In Letter to President, Banking Industry Seeks Increase in SEC 500-Shareholder Test and Repeal of Dodd-Frank Interchange Fee

In a letter to President Obama praising his Executive Order on repealing burdensome federal regulations, the American Bankers Association also asked that the SEC 500-shareholder threshold be raised and that the Dodd-Frank interchange fee provision be repealed. Codified as Section 1075 of Dodd-Frank, the interchange fee has been the subject of concern of leading Senators on the Banking Committee, but is strongly defended by its author, Senator Dick Durbin.

Under current SEC regulations, whenever a bank has 500 or more shareholders it must register with the SEC and become subject to a hefty and expensive SEC oversight regime on top of the oversight conducted by federal bank regulators. The ABA noted that many community banks that are approaching that threshold are intentionally refraining from seeking new investors in order to avoid the new burdens that come with SEC registration.

The 500-shareholder threshold has not been updated since 1964, noted the ABA, despite the fact that in the intervening years the stock market and the number of investors has expanded dramatically. The ABA urged that the SEC registration threshold needs to be updated to between 1500 and 3000 shareholders, in turn freeing up community banks to seek new investors without also inviting major new SEC regulatory burdens.

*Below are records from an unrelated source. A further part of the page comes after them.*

(* Let $U\subseteq\mathbb R^{d}$ and $V\subseteq\mathbb R$ be open. Let $f_1,\dots,f_n:U\to V$ be real-analytic functions each of $(\tau_1,\tau_2)$-type, and let $g:V^n\to\mathbb R$ be real-analytic of $(\sigma_1,\sigma_2)$-type. Writing $f=(f_1,\dots,f_n)$, the composition $h=g\circ f$ is real-analytic of $\big(\min(\tau_1,(\sigma_1\circ f)\cdot\tau_1/\tau_2),\ \sigma_2\circ f\big)$-type.
   Context: Let $U\subseteq\mathbb R^d$ be open and $\tau_1,\tau_2:U\to\mathbb R_{>0}$. A real-analytic $f:U\to\mathbb R$ has $(\tau_1,\tau_2)$-type if for every $\zeta_0\in U$, writing the power series of $f$ at $\zeta_0$ as $\sum_\mu a_{\zeta_0,\mu}(\zeta-\zeta_0)^\mu$ (over multi-indices $\mu$), for every $\zeta$ with $\|\zeta-\zeta_0\|_\infty\le\tau_1(\zeta_0)$ the series converges absolutely and $\sum_{\mu:|\mu|\ge1}|a_{\zeta_0,\mu}|\,|\zeta-\zeta_0|^\mu\le\tau_2(\zeta_0)$, where $|\zeta-\zeta_0|^\mu=\prod_i|\zeta_i-\zeta_{0,i}|^{\mu_i}$. *)

theory Defs
  imports "HOL-Analysis.Analysis"
begin

text \<open>Points of R^d are vectors real^'d; multi-indices are functions 'd => nat.
  The sup-norm is the library's infnorm (max of absolute values of components).\<close>

definition mono_abs :: "('d::finite \<Rightarrow> nat) \<Rightarrow> real^'d \<Rightarrow> real" where
  "mono_abs \<mu> x = (\<Prod>i\<in>UNIV. \<bar>x $ i\<bar> ^ (\<mu> i))"

definition monom_val :: "('d::finite \<Rightarrow> nat) \<Rightarrow> real^'d \<Rightarrow> real" where
  "monom_val \<mu> x = (\<Prod>i\<in>UNIV. (x $ i) ^ (\<mu> i))"

definition mi_order :: "('d::finite \<Rightarrow> nat) \<Rightarrow> nat" where
  "mi_order \<mu> = (\<Sum>i\<in>UNIV. \<mu> i)"

text \<open>a is a (local) power series of f at z0: the series sum_mu a_mu (z-z0)^mu
  converges (unconditionally, equivalently absolutely) to f z on a neighbourhood of z0.\<close>
definition power_series_at ::
  "(real^'d::finite \<Rightarrow> real) \<Rightarrow> real^'d \<Rightarrow> (('d \<Rightarrow> nat) \<Rightarrow> real) \<Rightarrow> bool" where
  "power_series_at f z0 a \<longleftrightarrow>
     (\<exists>r>0. \<forall>z. infnorm (z - z0) < r \<longrightarrow> ((\<lambda>\<mu>. a \<mu> * monom_val \<mu> (z - z0)) has_sum f z) UNIV)"

definition real_analytic_on :: "(real^'d::finite) set \<Rightarrow> (real^'d \<Rightarrow> real) \<Rightarrow> bool" where
  "real_analytic_on U f \<longleftrightarrow> (\<forall>z0\<in>U. \<exists>a. power_series_at f z0 a)"

definition of_type ::
  "(real^'d::finite) set \<Rightarrow> (real^'d \<Rightarrow> real) \<Rightarrow> (real^'d \<Rightarrow> real) \<Rightarrow> (real^'d \<Rightarrow> real) \<Rightarrow> bool" where
  "of_type U f t1 t2 \<longleftrightarrow>
     (\<forall>z\<in>U. t1 z > 0 \<and> t2 z > 0) \<and> real_analytic_on U f \<and>
     (\<forall>z0\<in>U. \<forall>a. power_series_at f z0 a \<longrightarrow>
        (\<forall>z. infnorm (z - z0) \<le> t1 z0 \<longrightarrow>
           (\<lambda>\<mu>. \<bar>a \<mu> * monom_val \<mu> (z - z0)\<bar>) summable_on UNIV \<and>
           (\<Sum>\<^sub>\<infinity>\<mu>\<in>{\<mu>. mi_order \<mu> \<ge> 1}. \<bar>a \<mu>\<bar> * mono_abs \<mu> (z - z0)) \<le> t2 z0))"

Regarding the interchange fee provision of Dodd-Frank, the ABA observed that this was not part of the Administration’s proposed financial regulatory reform package. It was added by an amendment sponsored by Senator Durbin, requiring the Fed to issue three final rules on interchange fees regarding a reasonable and proportional debit fee structure, fees for fraud prevention on debit transactions, and debit transaction network fees. There is a statutory exemption for small issuers under $10 billion in assets from the new debit fee rules.

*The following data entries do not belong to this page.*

theorem corollary2:
  fixes N :: nat and \<Theta> :: "((nat \<Rightarrow> real) \<times> (nat \<Rightarrow> real)) set"
  assumes "N \<ge> 1"
    and "\<Theta> \<subseteq> param_space_R N"
    and "\<Theta> \<subseteq> param_space_Ro N"
    and "nondegenerate N \<Theta>"
  shows "UMVU N \<Theta>
           (\<lambda>s. dens_XY N s * (1 - dens_XY N s)
                 - 1 / (2 * real N) * (1 - 1 / (2 * real N)) * Delta N s)
           (\<lambda>\<theta>. sigma2_p N (fst \<theta>))"
  unfolding sigma2_estimator_def[symmetric]
proof (rule UMVU_if_orthogonal_to_zero_estimators)
  have uncorrelated: "\<theta> = (fst \<theta>, \<lambda>_. 0)" if "\<theta> \<in> \<Theta>" for \<theta>
    using that assms(3) unfolding param_space_Ro_def by (cases \<theta>) (auto simp: fun_eq_iff)
  show "unbiased N \<Theta> (sigma2_estimator N) (\<lambda>\<theta>. sigma2_p N (fst \<theta>))"
    unfolding unbiased_def using uncorrelated expect_sigma2_estimator[OF assms(1)] by metis
  show "0 \<le> model_prob N \<theta> s" if "\<theta> \<in> \<Theta>" for \<theta> s
    using that assms(2) model_prob_nonneg by blast
  fix U \<theta> assume zero: "\<And>\<theta>'. \<theta>' \<in> \<Theta> \<Longrightarrow> expect N \<theta>' U = 0" and "\<theta> \<in> \<Theta>"
  have "expect N (fst \<theta>, \<lambda>_. 0) (\<lambda>s. sigma2_estimator N s * U s) = 0"
    using expect_mult_eq_0_if_pair_count_cong[OF pair_count_complete[OF assms(4) zero]
        sigma2_estimator_pair_count_cong] .
  then show "expect N \<theta> (\<lambda>s. sigma2_estimator N s * U s) = 0"
    using uncorrelated[OF \<open>\<theta> \<in> \<Theta>\<close>] by metis
qed

end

While Section 1075 ostensible exempts community banks, said the ABA, it is clear that the markets will not long tolerate paying higher interchange fees to community banks than the levels set by the Fed. This rule must be stopped, emphasized the ABA, so that markets can continue to set interchange fees, especially before the price controls cut into the earnings of community banks and undermine the viability of their financial services. In the meantime, the ABA urged the Fed to include in its price control calculations the cost of all the elements that operate to make debit interchange services available to customers.

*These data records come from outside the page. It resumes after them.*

(* In the standing setting, with $\mathbf K_1,\mathbf K_2$ constant symmetric positive definite and the control law $\mathbf u(t)=-(\mathbf I_3+\mathbf K_2\mathbf K_1)\mathbf z_1(t)-(\mathbf K_1+\mathbf K_2)\mathbf z_2(t)-\mathbf f_a(t,\mathbf z_1(t))$, let $t_s>0$, let $$\mathbf X=\begin{bmatrix}\mathbf I_3+\mathbf K_1\mathbf K_1 & \mathbf K_1\\ \mathbf K_1&\mathbf I_3\end{bmatrix},\qquad r=\min_{j=1,\dots,P,\ t\in[0,t_s]}\|\mathbf w_j(t)\|,$$ and define the open ellipsoid $\mathcal E=\{\mathbf y\in\mathbb R^6:\mathbf y^T\mathbf X\mathbf y<\lambda_{\min}(\mathbf X)r^2\}$. Then $\mathcal E\subset\mathcal D(t)$ for all $t\in[0,t_s]$, every closed-loop trajectory with $\mathbf z_0\in\mathcal E$ remains in $\mathcal E$ for all $t\in[0,t_s]$, and there exist constants $c_1,c_2>0$ (depending only on $\mathbf K_1,\mathbf K_2$) such that $\|\mathbf z(t)\|\le c_1\|\mathbf z_0\|e^{-c_2t}$ for all $t\in[0,t_s]$ and all $\mathbf z_0\in\mathcal E$.
   Context: Standing setting: Let $P\ge1$. For $j=1,\dots,P$ let $\mu_j>0$ and let $\mathbf r_j:[0,\infty)\to\mathbb R^3$ be continuously differentiable, with $\mathbf r_1\equiv\mathbf 0$. Let $\mathbf r^*:[0,\infty)\to\mathbb R^3$ be continuously differentiable (the target trajectory) with $\mathbf r^*(t)\neq\mathbf r_j(t)$ for all $t\ge0$ and all $j$, and set $\mathbf w_j(t):=\mathbf r_j(t)-\mathbf r^*(t)$. For $t\ge0$ and $\mathbf z_1\in\mathbb R^3$ with $\mathbf z_1\ne\mathbf w_j(t)$ for all $j$, define $$\mathbf f_a(t,\mathbf z_1)=\sum_{j=1}^P\mu_j\left(\frac{\mathbf w_j(t)-\mathbf z_1}{\|\mathbf w_j(t)-\mathbf z_1\|^3}-\frac{\mathbf w_j(t)}{\|\mathbf w_j(t)\|^3}\right).$$ The controlled error dynamics are $\dot{\mathbf z}_1(t)=\mathbf z_2(t)$, $\dot{\mathbf z}_2(t)=\mathbf f_a(t,\mathbf z_1(t))+\mathbf u(t)$, with state $\mathbf z=(\mathbf z_1,\mathbf z_2)\in\mathbb R^6$, control $\mathbf u(t)\in\mathbb R^3$, initial time $0$ and $\mathbf z_0:=\mathbf z(0)$. The vector field is defined on $\mathcal D(t)=\{(\mathbf x,\mathbf y)\in\mathbb R^6:\mathbf x\neq\mathbf w_j(t),\ j=1,\dots,P\}$. $\|\cdot\|$ is the Euclidean norm, $\lambda_{\min},\lambda_{\max}$ denote smallest/largest eigenvalues. Note $r>0$ since the $\mathbf w_j$ are continuous and nonvanishing on $[0,t_s]$. *)

theory Defs
  imports "HOL-Analysis.Analysis"
begin

text \<open>Vectors in R^3 are real^3; states in R^6 are pairs (z1, z2) :: (real^3) \<times> (real^3)
  (with the Euclidean product norm and inner product).\<close>

definition C1_on :: "real set \<Rightarrow> (real \<Rightarrow> real^3) \<Rightarrow> bool" where
  "C1_on S f \<longleftrightarrow> (\<exists>f'. continuous_on S f' \<and>
      (\<forall>t\<in>S. (f has_vector_derivative f' t) (at t within S)))"

definition sym_posdef :: "real^3^3 \<Rightarrow> bool" where
  "sym_posdef K \<longleftrightarrow> transpose K = K \<and> (\<forall>x. x \<noteq> 0 \<longrightarrow> x \<bullet> (K *v x) > 0)"

definition wv :: "(nat \<Rightarrow> real \<Rightarrow> real^3) \<Rightarrow> (real \<Rightarrow> real^3) \<Rightarrow> nat \<Rightarrow> real \<Rightarrow> real^3" where
  "wv rr rs j t = rr j t - rs t"

definition fa :: "nat \<Rightarrow> (nat \<Rightarrow> real) \<Rightarrow> (nat \<Rightarrow> real \<Rightarrow> real^3) \<Rightarrow> (real \<Rightarrow> real^3)
                   \<Rightarrow> real \<Rightarrow> real^3 \<Rightarrow> real^3" where
  "fa P mu rr rs t z1 = (\<Sum>j\<in>{1..P}. mu j *\<^sub>R
      ((1 / norm (wv rr rs j t - z1) ^ 3) *\<^sub>R (wv rr rs j t - z1)
       - (1 / norm (wv rr rs j t) ^ 3) *\<^sub>R wv rr rs j t))"

definition Dom :: "nat \<Rightarrow> (nat \<Rightarrow> real \<Rightarrow> real^3) \<Rightarrow> (real \<Rightarrow> real^3) \<Rightarrow> real
                    \<Rightarrow> ((real^3) \<times> (real^3)) set" where
  "Dom P rr rs t = {(x, y). \<forall>j\<in>{1..P}. x \<noteq> wv rr rs j t}"

definition ctrl :: "real^3^3 \<Rightarrow> real^3^3 \<Rightarrow> nat \<Rightarrow> (nat \<Rightarrow> real) \<Rightarrow> (nat \<Rightarrow> real \<Rightarrow> real^3)
                    \<Rightarrow> (real \<Rightarrow> real^3) \<Rightarrow> real \<Rightarrow> (real^3) \<times> (real^3) \<Rightarrow> real^3" where
  "ctrl K1 K2 P mu rr rs t z =
     - ((mat 1 + K2 ** K1) *v fst z) - ((K1 + K2) *v snd z) - fa P mu rr rs t (fst z)"

text \<open>The symmetric 6x6 matrix X = [[I + K1 K1, K1],[K1, I]] acting on R^6 = R^3 x R^3\<close>
definition Xmat :: "real^3^3 \<Rightarrow> (real^3) \<times> (real^3) \<Rightarrow> (real^3) \<times> (real^3)" where
  "Xmat K1 y = ((mat 1 + K1 ** K1) *v fst y + K1 *v snd y, K1 *v fst y + snd y)"

definition lambda_min :: "((real^3) \<times> (real^3) \<Rightarrow> (real^3) \<times> (real^3)) \<Rightarrow> real" where
  "lambda_min A = Inf {l. \<exists>v. v \<noteq> 0 \<and> A v = l *\<^sub>R v}"

definition rmin :: "nat \<Rightarrow> (nat \<Rightarrow> real \<Rightarrow> real^3) \<Rightarrow> (real \<Rightarrow> real^3) \<Rightarrow> real \<Rightarrow> real" where
  "rmin P rr rs ts = Inf {norm (wv rr rs j t) | j t. j \<in> {1..P} \<and> t \<in> {0..ts}}"

definition Ell :: "real^3^3 \<Rightarrow> real \<Rightarrow> ((real^3) \<times> (real^3)) set" where
  "Ell K1 r = {y. y \<bullet> Xmat K1 y < lambda_min (Xmat K1) * r ^ 2}"

end

theory Submission
  imports Defs
begin

text \<open>The control cancels f_a exactly, leaving the linear closed loop
  z1' = z2, z2' = -(I + K2 K1) z1 - (K1 + K2) z2.  With s = z2 + K1 z1 the quadratic form of X is
  V(z) = |z1|^2 + |s|^2, and along the closed loop V' = -2 (z1^T K1 z1 + s^T K2 s) \<le> -2 c V,
  where c > 0 bounds K1 and K2 from below.  Hence V(z(t)) \<le> V(z0) e^(-2ct): the ellipsoid E, a
  sublevel set of V, is invariant, and \<lambda>_min(X) |z|^2 \<le> V(z) \<le> B |z|^2 turns the decay of V
  into the exponential bound on |z|.  Points of E satisfy |z1| \<le> |z| < r \<le> |w_j(t)|, so E avoids
  the singularities of f_a.\<close>

lemma selfadjoint_psd_form_kernel:
  fixes B :: "'a::real_inner \<Rightarrow> 'a"
  assumes lin: "linear B" and sym: "\<And>x y. B x \<bullet> y = x \<bullet> B y"
    and psd: "\<And>y. 0 \<le> y \<bullet> B y" and zero: "v \<bullet> B v = 0"
  shows "B v = 0"
  \<comment> \<open>Moving v a small step along -B v would make the form negative.\<close>
proof (rule ccontr)
  assume "B v \<noteq> 0"
  then have pos: "0 < B v \<bullet> B v" by simp
  define q where "q = B v \<bullet> B (B v)"
  define s where "s = (B v \<bullet> B v) / (q + 1)"
  have q: "0 \<le> q" using psd by (simp add: q_def)
  have s: "0 < s" using pos q by (simp add: s_def)
  have "s * q \<le> B v \<bullet> B v"
    using pos q by (simp add: s_def field_simps)
  then have "s * (s * q - 2 * (B v \<bullet> B v)) < 0"
    using s pos by (intro mult_pos_neg) linarith+
  also have "s * (s * q - 2 * (B v \<bullet> B v)) = (v - s *\<^sub>R B v) \<bullet> B (v - s *\<^sub>R B v)"
    using zero sym[of v "B v"]
    by (simp add: linear_diff[OF lin] linear_scale[OF lin] inner_commute q_def algebra_simps
        power2_eq_square)
  finally show False using psd by (simp add: not_le[symmetric])
qed

lemma selfadjoint_Rayleigh_minimum:
  fixes A :: "'a::euclidean_space \<Rightarrow> 'a"
  assumes lin: "linear A" and sym: "\<And>x y. A x \<bullet> y = x \<bullet> A y"
  obtains v m where "norm v = 1" "A v = m *\<^sub>R v" "\<And>y. m * (norm y)\<^sup>2 \<le> y \<bullet> A y"
proof -
  have "continuous_on (sphere 0 1) (\<lambda>y. y \<bullet> A y)"
    using lin
    by (intro continuous_intros linear_continuous_on linear_conv_bounded_linear[THEN iffD1])
  moreover have "sphere (0::'a) 1 \<noteq> {}"
    using vector_choose_size[of 1] by auto
  ultimately obtain v where "v \<in> sphere 0 1"
    and "\<And>y. y \<in> sphere 0 1 \<Longrightarrow> v \<bullet> A v \<le> y \<bullet> A y"
    using continuous_attains_inf[OF compact_sphere] by blast
  then have v: "norm v = 1" and min: "\<And>y. norm y = 1 \<Longrightarrow> v \<bullet> A v \<le> y \<bullet> A y"
    by auto
  define m where "m = v \<bullet> A v"
  have bound: "m * (norm y)\<^sup>2 \<le> y \<bullet> A y" for y
  proof (cases "y = 0")
    case True
    then show ?thesis using linear_0[OF lin] by simp
  next
    case False
    have "norm (y /\<^sub>R norm y) = 1"
      using False by simp
    then have "m \<le> (y /\<^sub>R norm y) \<bullet> A (y /\<^sub>R norm y)"
      unfolding m_def by (rule min)
    also have "\<dots> = (y \<bullet> A y) / (norm y)\<^sup>2"
      using False by (simp add: linear_scale[OF lin] field_simps power2_eq_square)
    finally show ?thesis
      using False by (simp add: pos_le_divide_eq)
  qed
  have "A v - m *\<^sub>R v = 0"
  proof (rule selfadjoint_psd_form_kernel[where B = "\<lambda>y. A y - m *\<^sub>R y"])
    show "linear (\<lambda>y. A y - m *\<^sub>R y)"
      by (rule linearI) (simp_all add: linear_add[OF lin] linear_scale[OF lin] algebra_simps)
    show "(A x - m *\<^sub>R x) \<bullet> y = x \<bullet> (A y - m *\<^sub>R y)" for x y
      using sym[of x y] by (simp add: inner_diff_left inner_diff_right)
    show "0 \<le> y \<bullet> (A y - m *\<^sub>R y)" for y
      using bound[of y] by (simp add: inner_diff_right power2_norm_eq_inner)
    show "v \<bullet> (A v - m *\<^sub>R v) = 0"
      using v by (simp add: inner_diff_right m_def power2_norm_eq_inner[symmetric])
  qed
  then have "A v = m *\<^sub>R v"
    by simp
  from v this bound show ?thesis
    by (rule that)
qed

In a recent letter to the Fed, thirteen US Senators expressed concern with the consequences of replacing a market-based system for debit card acceptances with a government-controlled system pursuant to Section 1075 of the Dodd-Frank Act. The senators said that having the government fix prices in any venue is a bad idea. As the Fed implements Section 1075, the senators want to ensure that all costs to the issuers and economic value to the merchants are considered in the regulations. The senators urged the Fed to take the time to consider all the implications of implementing Section 1075 and exercise the discretion granted by Dodd-Frank to minimize negative consequences. The letter was signed by Senator Richard Shelby (R-AL), the Banking Committee’s Ranking Member, and two influential members of the committee, Senators Mark Warner (D-VA) and Bob Corker (R-TN).

But on the last day of the 111th Congress, Senator Dick Durbin (D-Il) strongly defended the interchange fee reform provisions against a growing chorus of concern and some criticism. Describing the current interchange system as a price-fixing scheme, the senator, who authored Section 1075, said that he is ``hunkered down and ready for the fight that is coming.’’ (Cong. Record, Dec. 22, 2010, S10995-10997).